■ Required work
In the material below, find the line that contains "using qss qs(1)" and the line that contains "by (auto simp: Epart_eq_foldr", then write out exactly those two lines and everything between them.

■ Study material
lemma last_sorted_list_of_set:
  assumes "finite A" "A \<noteq> {}"
  shows "last (sorted_list_of_set A) = Max A"
proof (rule antisym)
  show "last (sorted_list_of_set A) \<le> Max A"
    using assms last_in_set[of "sorted_list_of_set A"] by (intro Max_ge) auto
  show "Max A \<le> last (sorted_list_of_set A)"
    using assms by (intro sorted_le_last) auto
qed

lemma sorted_list_of_Parts:
  assumes "\<pi> \<in> Parts t"
  obtains L where "sorted_list_of_set \<pi> = 0 # L" "last (0 # L) = t" "set (0 # L) \<subseteq> {0..t}"
proof
  have fin: "finite \<pi>" and nonneg: "\<pi> \<subseteq> {0..}" and zero: "0 \<in> \<pi>" and max: "Max \<pi> = t"
    using assms by (auto simp: Parts_def)
  have "Min \<pi> = 0"
    using fin nonneg zero by (intro Min_eqI) auto
  then show "sorted_list_of_set \<pi> = 0 # sorted_list_of_set (\<pi> - {0})"
    using sorted_list_of_set_nonempty[OF fin] zero by auto
  then show "last (0 # sorted_list_of_set (\<pi> - {0})) = t"
    using last_sorted_list_of_set[OF fin] zero max by (metis empty_iff)
  show "set (0 # sorted_list_of_set (\<pi> - {0})) \<subseteq> {0..t}"
    using fin nonneg max Max_ge[OF fin zero] by auto
qed

lemma increments_Parts:
  assumes "\<pi> \<in> Parts t"
  shows "set (increments (sorted_list_of_set \<pi>)) \<subseteq> {0..t}"
    and "sum_list (increments (sorted_list_of_set \<pi>)) = t"
proof -
  obtain L where L: "sorted_list_of_set \<pi> = 0 # L" "last (0 # L) = t" "set (0 # L) \<subseteq> {0..t}"
    using sorted_list_of_Parts[OF assms] .
  show "set (increments (sorted_list_of_set \<pi>)) \<subseteq> {0..t}"
    using increments_sorted_bounds[of "0 # L" t] L by (metis atLeastAtMost_iff sorted_sorted_list_of_set subsetI)
  show "sum_list (increments (sorted_list_of_set \<pi>)) = t"
    using L sum_list_increments by simp
qed

lemma Parts_shift:
  assumes "\<pi> \<in> Parts s" "0 < h"
  shows "insert 0 ((+) h ` \<pi>) \<in> Parts (h + s)"
    and "sorted_list_of_set (insert 0 ((+) h ` \<pi>)) = 0 # map ((+) h) (sorted_list_of_set \<pi>)"
proof -
  have fin: "finite \<pi>" and nonneg: "\<pi> \<subseteq> {0..}" and zero: "0 \<in> \<pi>" and max: "Max \<pi> = s"
    using assms by (auto simp: Parts_def)
  have "\<pi> \<noteq> {}"
    using zero by auto
  then have "Max ((+) h ` \<pi>) = h + s"
    using mono_Max_commute[of "(+) h" \<pi>] fin max by (simp add: mono_def)
  moreover have "0 \<le> s"
    using max zero fin by (metis Max_ge)
  ultimately have "Max (insert 0 ((+) h ` \<pi>)) = h + s"
    using fin zero assms(2) by (subst Max_insert) auto
  then show "insert 0 ((+) h ` \<pi>) \<in> Parts (h + s)"
    using fin nonneg assms(2) by (auto simp: Parts_def)
  have "sorted_wrt (<) (0 # map ((+) h) (sorted_list_of_set \<pi>))"
    using fin nonneg assms(2) by (force simp: sorted_wrt_map)
  then show "sorted_list_of_set (insert 0 ((+) h ` \<pi>)) = 0 # map ((+) h) (sorted_list_of_set \<pi>)"
    using fin by (intro strict_sorted_equal)
      (simp_all del: sorted_list_of_set.sorted_key_list_of_set_insert_remove)
qed

lemma foldr_eq_foldr_Parts:
  fixes F :: "real \<Rightarrow> 'a \<Rightarrow> 'a"
  assumes "F 0 = id" "\<forall>h\<in>set hs. 0 \<le> h"
  shows "\<exists>\<pi>\<in>Parts (sum_list hs). foldr F hs = foldr F (increments (sorted_list_of_set \<pi>))"
  using assms(2)
proof (induction hs)
  case Nil
  have "{0} \<in> Parts 0"
    by (simp add: Parts_def)
  then show ?case by force
next
  case (Cons h hs)
  then obtain \<pi> where \<pi>: "\<pi> \<in> Parts (sum_list hs)"
    and fold: "foldr F hs = foldr F (increments (sorted_list_of_set \<pi>))"
    by auto
  show ?case
  proof (cases "h = 0")
    case True
    then show ?thesis
      using \<pi> fold assms(1) by auto
  next
    case False
    then have "0 < h"
      using Cons.prems by auto
    obtain L where L: "sorted_list_of_set \<pi> = 0 # L"
      using sorted_list_of_Parts[OF \<pi>] by blast
    have "increments (sorted_list_of_set (insert 0 ((+) h ` \<pi>)))
        = h # increments (sorted_list_of_set \<pi>)"
      using Parts_shift(2)[OF \<pi> \<open>0 < h\<close>] L increments_map_add[of h "0 # L"] by simp
    then show ?thesis
      using Parts_shift(1)[OF \<pi> \<open>0 < h\<close>] fold by (intro bexI[of _ "insert 0 ((+) h ` \<pi>)"]) auto
  qed
qed

section \<open>The Nisio semigroup\<close>

lemma vsup_eq_Sup: "vsup A = Sup A"
  by (simp add: vsup_def Sup_vec_def)

lemma le_vsup:
  assumes "\<And>i. bdd_above ((\<lambda>x. x $ i) ` A)" "x \<in> A"
  shows "x \<le> vsup A"
  using assms by (auto simp: less_eq_vec_def vsup_def intro: cSup_upper)

lemma le_vec_norm: "u \<le> vec (norm u)"
  for u :: "real^'n"
  by (simp add: less_eq_vec_def component_le_norm_cart[THEN abs_le_D1])

lemma cSup_eq_by_approximation:
  fixes A B :: "(real^'n) set"
  assumes "B \<noteq> {}" "bdd_above A"
    and dominated: "\<forall>b\<in>B. \<exists>a\<in>A. b \<le> a"
    and approximated: "\<forall>a\<in>A. \<forall>e>0. \<exists>b\<in>B. a - vec e \<le> b"
  shows "Sup A = Sup B"
proof (rule antisym)
  have "bdd_above B"
    using assms(2) dominated by (meson bdd_above.I2 bdd_above_def order_trans)
  show "Sup B \<le> Sup A"
    using assms(1,2) dominated by (meson cSup_least cSup_upper order_trans)
  have "A \<noteq> {}"
    using assms(1) dominated by blast
  moreover have "a \<le> Sup B" if "a \<in> A" for a
  proof -
    have le: "a - vec e \<le> Sup B" if "0 < e" for e
      using approximated \<open>a \<in> A\<close> that \<open>bdd_above B\<close> by (meson cSup_upper order_trans)
    have "a $ i \<le> Sup B $ i + e" if "0 < e" for e i
      using le[OF that] unfolding less_eq_vec_def
      by (smt (verit) vec_component vector_minus_component)
    then show ?thesis
      by (simp add: less_eq_vec_def field_le_epsilon)
  qed
  ultimately show "Sup A \<le> Sup B"
    by (rule cSup_least)
qed

lemma Sseq_Nil [simp]: "Sseq f [] u = u"
  and Sseq_Cons [simp]: "Sseq f ((qs, h) # \<theta>) u = Svec qs f h (Sseq f \<theta> u)"
  by (simp_all add: Sseq_def)

locale Q_control =
  fixes P :: "(real^'n^'n) set" and f :: "real^'n^'n \<Rightarrow> real^'n"
  assumes Qmatrix: "q \<in> P \<Longrightarrow> is_Qmatrix q"
    and f_nonpos: "q \<in> P \<Longrightarrow> f q \<le> 0"
    and nonempty: "P \<noteq> {}"
begin

lemma Svec_mono: "(\<And>i. qs i \<in> P) \<Longrightarrow> 0 \<le> h \<Longrightarrow> u \<le> v \<Longrightarrow> Svec qs f h u \<le> Svec qs f h v"
  using Ssg_mono[OF Qmatrix] by (auto simp: Svec_def less_eq_vec_def)

lemma Svec_add_const: "(\<And>i. qs i \<in> P) \<Longrightarrow> Svec qs f h (u + vec c) = Svec qs f h u + vec c"
  using Ssg_add_const[OF Qmatrix] by (simp add: Svec_def vec_eq_iff)

lemma Eop_eq_Sup: "Eop P f h u = Sup ((\<lambda>q. Ssg q (f q) h u) ` P)"
  by (simp add: Eop_def vsup_eq_Sup)

lemma Eop_component: "Eop P f h u $ i = Sup ((\<lambda>q. Ssg q (f q) h u $ i) ` P)"
  by (simp add: Eop_def vsup_def image_image)

lemma bdd_above_Ssg: "0 \<le> h \<Longrightarrow> bdd_above ((\<lambda>q. Ssg q (f q) h u) ` P)"
  by (rule bdd_aboveI2[where M="vec (norm u)"]) (intro Ssg_le_const Qmatrix f_nonpos le_vec_norm)

lemma Ssg_le_Eop: "q \<in> P \<Longrightarrow> 0 \<le> h \<Longrightarrow> Ssg q (f q) h u \<le> Eop P f h u"
  unfolding Eop_eq_Sup by (intro cSup_upper bdd_above_Ssg) auto

lemma Svec_le_Eop: "(\<And>i. qs i \<in> P) \<Longrightarrow> 0 \<le> h \<Longrightarrow> Svec qs f h u \<le> Eop P f h u"
  using Ssg_le_Eop by (auto simp: Svec_def less_eq_vec_def)

lemma Eop_le_const: "0 \<le> h \<Longrightarrow> u \<le> vec c \<Longrightarrow> Eop P f h u \<le> vec c"
  unfolding Eop_eq_Sup using nonempty
  by (auto intro!: cSup_least Ssg_le_const Qmatrix f_nonpos)

lemma Eop_mono:
  assumes "0 \<le> h" "u \<le> v"
  shows "Eop P f h u \<le> Eop P f h v"
  unfolding Eop_eq_Sup[of h u] using nonempty assms
  by (auto intro!: cSup_least order_trans[OF Ssg_mono Ssg_le_Eop] Qmatrix)

lemma Eop_zero: "Eop P f 0 = id"
  using nonempty by (intro ext) (simp add: Eop_eq_Sup Ssg_zero image_constant_conv)

lemma Eop_approx:
  assumes "0 < e"
  obtains qs where "\<And>i. qs i \<in> P" "Eop P f h u - vec e \<le> Svec qs f h u"
proof -
  have "\<exists>q\<in>P. Eop P f h u $ i - e < Ssg q (f q) h u $ i" for i
    using less_cSupD[of "(\<lambda>q. Ssg q (f q) h u $ i) ` P"] nonempty assms
    by (auto simp: Eop_component)
  then obtain qs where qs: "\<And>i. qs i \<in> P \<and> Eop P f h u $ i - e < Ssg (qs i) (f (qs i)) h u $ i"
    by metis
  show ?thesis
  proof (rule that)
    show "qs i \<in> P" for i
      using qs by blast
    show "Eop P f h u - vec e \<le> Svec qs f h u"
      unfolding less_eq_vec_def Svec_def using qs by (simp add: less_imp_le)
  qed
qed

lemma foldr_Eop_le_const:
  "\<forall>h\<in>set hs. 0 \<le> h \<Longrightarrow> u \<le> vec c \<Longrightarrow> foldr (Eop P f) hs u \<le> vec c"
  by (induction hs) (auto intro: Eop_le_const)

lemma Sseq_le_foldr_Eop:
  "\<forall>(qs, h)\<in>set \<theta>. (\<forall>i. qs i \<in> P) \<and> 0 \<le> h \<Longrightarrow> Sseq f \<theta> u \<le> foldr (Eop P f) (map snd \<theta>) u"
proof (induction \<theta>)
  case Nil
  then show ?case by simp
next
  case (Cons a \<theta>)
  obtain qs h where a: "a = (qs, h)" "\<forall>i. qs i \<in> P" "0 \<le> h"
    using Cons.prems by (cases a) auto
  then have "Svec qs f h (Sseq f \<theta> u) \<le> Eop P f h (Sseq f \<theta> u)"
    by (intro Svec_le_Eop) auto
  also have "\<dots> \<le> Eop P f h (foldr (Eop P f) (map snd \<theta>) u)"
    using Cons a by (intro Eop_mono) auto
  finally show ?case
    using a by simp
qed

lemma foldr_Eop_approx:
  assumes "\<forall>h\<in>set hs. 0 \<le> h" "0 < e"
  shows "\<exists>qss. length qss = length hs \<and> (\<forall>qs\<in>set qss. \<forall>i. qs i \<in> P)
     \<and> foldr (Eop P f) hs u - vec e \<le> Sseq f (zip qss hs) u"
  using assms
proof (induction hs arbitrary: e)
  case Nil
  then show ?case by (simp add: less_eq_vec_def)
next
  case (Cons h hs)
  let ?w = "foldr (Eop P f) hs u"
  obtain qss where qss: "length qss = length hs" "\<forall>qs\<in>set qss. \<forall>i. qs i \<in> P"
    "?w - vec (e/2) \<le> Sseq f (zip qss hs) u"
    using Cons.IH[of "e/2"] Cons.prems by auto
  obtain qs where qs: "\<And>i. qs i \<in> P" "Eop P f h ?w - vec (e/2) \<le> Svec qs f h ?w"
    using Eop_approx[of "e/2" h ?w] Cons.prems by auto
  have "0 \<le> h"
    using Cons.prems by simp
  have "Eop P f h ?w - vec e = (Eop P f h ?w - vec (e/2)) - vec (e/2)"
    by (simp add: vec_eq_iff)
  also have "\<dots> \<le> Svec qs f h ?w - vec (e/2)"
    using qs(2) by (rule diff_right_mono)
  also have "\<dots> = Svec qs f h (?w - vec (e/2))"
    using Svec_add_const[OF qs(1), where u="?w - vec (e/2)" and c="e/2"] by simp
  also have "\<dots> \<le> Svec qs f h (Sseq f (zip qss hs) u)"
    using qs(1) \<open>0 \<le> h\<close> qss(3) by (rule Svec_mono)
  finally have "Eop P f h ?w - vec e \<le> Svec qs f h (Sseq f (zip qss hs) u)" .
  then show ?case
    using qss qs(1) by (intro exI[of _ "qs # qss"]) auto
qed

lemma Epart_eq_foldr: "Epart P f \<pi> = foldr (Eop P f) (increments (sorted_list_of_set \<pi>))"
  by (auto simp: Epart_def Eop_zero)

theorem Sup_Epart_eq_Sup_Sseq:
  assumes "0 \<le> t"
  shows "Sup ((\<lambda>\<pi>. Epart P f \<pi> u) ` Parts t) = Sup ((\<lambda>\<theta>. Sseq f \<theta> u) ` Qseqs P t)"
proof (rule cSup_eq_by_approximation)
  obtain q0 where "q0 \<in> P"
    using nonempty by blast
  then have "[(\<lambda>_. q0, t)] \<in> Qseqs P t"
    using assms by (auto simp: Qseqs_def)
  then show "(\<lambda>\<theta>. Sseq f \<theta> u) ` Qseqs P t \<noteq> {}"
    by blast
  have "Epart P f \<pi> u \<le> vec (norm u)" if "\<pi> \<in> Parts t" for \<pi>
    using increments_Parts(1)[OF that]
    by (auto simp: Epart_eq_foldr intro!: foldr_Eop_le_const le_vec_norm)
  then show "bdd_above ((\<lambda>\<pi>. Epart P f \<pi> u) ` Parts t)"
    by (rule bdd_aboveI2)
  show "\<forall>b\<in>(\<lambda>\<theta>. Sseq f \<theta> u) ` Qseqs P t. \<exists>a\<in>(\<lambda>\<pi>. Epart P f \<pi> u) ` Parts t. b \<le> a"
  proof
    fix b assume "b \<in> (\<lambda>\<theta>. Sseq f \<theta> u) ` Qseqs P t"
    then obtain \<theta> where \<theta>: "\<theta> \<in> Qseqs P t" "b = Sseq f \<theta> u"
      by blast
    then have steps: "\<forall>(qs, h)\<in>set \<theta>. (\<forall>i. qs i \<in> P) \<and> 0 \<le> h"
      by (auto simp: Qseqs_def)
    have "\<forall>h\<in>set (map snd \<theta>). 0 \<le> h"
      using steps by auto
    moreover have "sum_list (map snd \<theta>) = t"
      using \<theta>(1) by (simp add: Qseqs_def)
    ultimately obtain \<pi> where "\<pi> \<in> Parts t" "foldr (Eop P f) (map snd \<theta>) = Epart P f \<pi>"
      using foldr_eq_foldr_Parts[where F="Eop P f", OF Eop_zero] by (metis Epart_eq_foldr)
    then show "\<exists>a\<in>(\<lambda>\<pi>. Epart P f \<pi> u) ` Parts t. b \<le> a"
      using Sseq_le_foldr_Eop[OF steps] \<theta>(2) by auto
  qed
  show "\<forall>a\<in>(\<lambda>\<pi>. Epart P f \<pi> u) ` Parts t. \<forall>e>0. \<exists>b\<in>(\<lambda>\<theta>. Sseq f \<theta> u) ` Qseqs P t. a - vec e \<le> b"
  proof (intro ballI allI impI)
    fix a and e :: real
    assume "a \<in> (\<lambda>\<pi>. Epart P f \<pi> u) ` Parts t" "0 < e"
    then obtain \<pi> where \<pi>: "\<pi> \<in> Parts t" "a = Epart P f \<pi> u"
      by blast
    define hs where "hs = 0 # increments (sorted_list_of_set \<pi>)"
    have hs: "set hs \<subseteq> {0..t}" "sum_list hs = t" "foldr (Eop P f) hs u = a"
      using increments_Parts[OF \<pi>(1)] assms \<pi>(2) by (auto simp: hs_def Epart_eq_foldr Eop_zero)
    then obtain qss where qss: "length qss = length hs" "\<forall>qs\<in>set qss. \<forall>i. qs i \<in> P"
      "a - vec e \<le> Sseq f (zip qss hs) u"
      using foldr_Eop_approx[of hs e u] \<open>0 < e\<close> by fastforce
    have "zip qss hs \<in> Qseqs P t"
      unfolding Qseqs_def
    proof (intro CollectI conjI)
      show "zip qss hs \<noteq> []"
        using qss(1) by (simp add: hs_def flip: length_greater_0_conv)
      show "\<forall>(qs, h)\<in>set (zip qss hs). (\<forall>i. qs i \<in> P) \<and> h \<in> {0..t}"
        using qss(2) hs(1) by (auto dest: set_zip_leftD set_zip_rightD)
      show "sum_list (map snd (zip qss hs)) = t"
        using qss(1) hs(2) by simp
    qed
    then show "\<exists>b\<in>(\<lambda>\<theta>. Sseq f \<theta> u) ` Qseqs P t. a - vec e \<le> b"
      using qss(3) by blast
  qed
qed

■ Result for this exercise
    using qss qs(1) by (intro exI[of _ "qs # qss"]) auto
qed

lemma Epart_eq_foldr: "Epart P f \<pi> = foldr (Eop P f) (increments (sorted_list_of_set \<pi>))"
  by (auto simp: Epart_def Eop_zero)

theorem Sup_Epart_eq_Sup_Sseq:
  assumes "0 \<le> t"
  shows "Sup ((\<lambda>\<pi>. Epart P f \<pi> u) ` Parts t) = Sup ((\<lambda>\<theta>. Sseq f \<theta> u) ` Qseqs P t)"
proof (rule cSup_eq_by_approximation)
  obtain q0 where "q0 \<in> P"
    using nonempty by blast
  then have "[(\<lambda>_. q0, t)] \<in> Qseqs P t"
    using assms by (auto simp: Qseqs_def)
  then show "(\<lambda>\<theta>. Sseq f \<theta> u) ` Qseqs P t \<noteq> {}"
    by blast
  have "Epart P f \<pi> u \<le> vec (norm u)" if "\<pi> \<in> Parts t" for \<pi>
    using increments_Parts(1)[OF that]
    by (auto simp: Epart_eq_foldr intro!: foldr_Eop_le_const le_vec_norm)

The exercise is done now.